Exercise data -
(* Let $\Omega\subset\mathbb{R}^2$ be an open, smooth, bounded and uniformly convex domain, $\varphi,\psi\in C^\infty(\overline\Omega)$ with $\inf_{\partial\Omega}\psi>0$, and let $u\in C^\infty(\overline\Omega)$ be a uniformly convex solution of $$\sum_{i,j=1}^2U^{ij}w_{ij}=-|Du|^2\Delta u-2\sum_{i,j=1}^2u_iu_ju_{ij}\ \text{in }\Omega,\quad w=(\det D^2u)^{-1}\ \text{in }\Omega,\quad u=\varphi,\ w=\psi\ \text{on }\partial\Omega,$$ with $(U^{ij})=(\det D^2u)(D^2u)^{-1}$. Then there is a constant $C>1$ depending only on $\Omega$, $\varphi$, $\psi$ (through $\inf_{\partial\Omega}\psi$ and bounds on $\psi$) such that $\sup_\Omega|Du|\le C$ and $$C^{-1}\le\det D^2u\le C\quad\text{in }\Omega.$$ *)

theory Defs
  imports "HOL-Analysis.Analysis"
begin

type_synonym pt = "real ^ 2"

definition pd :: "2 \<Rightarrow> (pt \<Rightarrow> real) \<Rightarrow> pt \<Rightarrow> real" where
  "pd i f x = frechet_derivative f (at x) (axis i 1)"

fun iter_pd :: "2 list \<Rightarrow> (pt \<Rightarrow> real) \<Rightarrow> pt \<Rightarrow> real" where
  "iter_pd [] f = f"
| "iter_pd (i # is) f = pd i (iter_pd is f)"

definition smooth_on :: "pt set \<Rightarrow> (pt \<Rightarrow> real) \<Rightarrow> bool" where
  "smooth_on S f \<longleftrightarrow> (\<forall>is. iter_pd is f differentiable_on S)"

definition smooth_upto :: "pt set \<Rightarrow> (pt \<Rightarrow> real) \<Rightarrow> bool" where
  "smooth_upto \<Omega> f \<longleftrightarrow> (\<exists>F. smooth_on UNIV F \<and> (\<forall>x\<in>closure \<Omega>. F x = f x))"

definition grad :: "(pt \<Rightarrow> real) \<Rightarrow> pt \<Rightarrow> pt" where
  "grad f x = (\<chi> i. pd i f x)"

Exercise directions - Pull every line with "longleftrightarrow" from the records.

Answer space -
  "smooth_on S f \<longleftrightarrow> (\<forall>is. iter_pd is f differentiable_on S)"
  "smooth_upto \<Omega> f \<longleftrightarrow> (\<exists>F. smooth_on UNIV F \<and> (\<forall>x\<in>closure \<Omega>. F x = f x))"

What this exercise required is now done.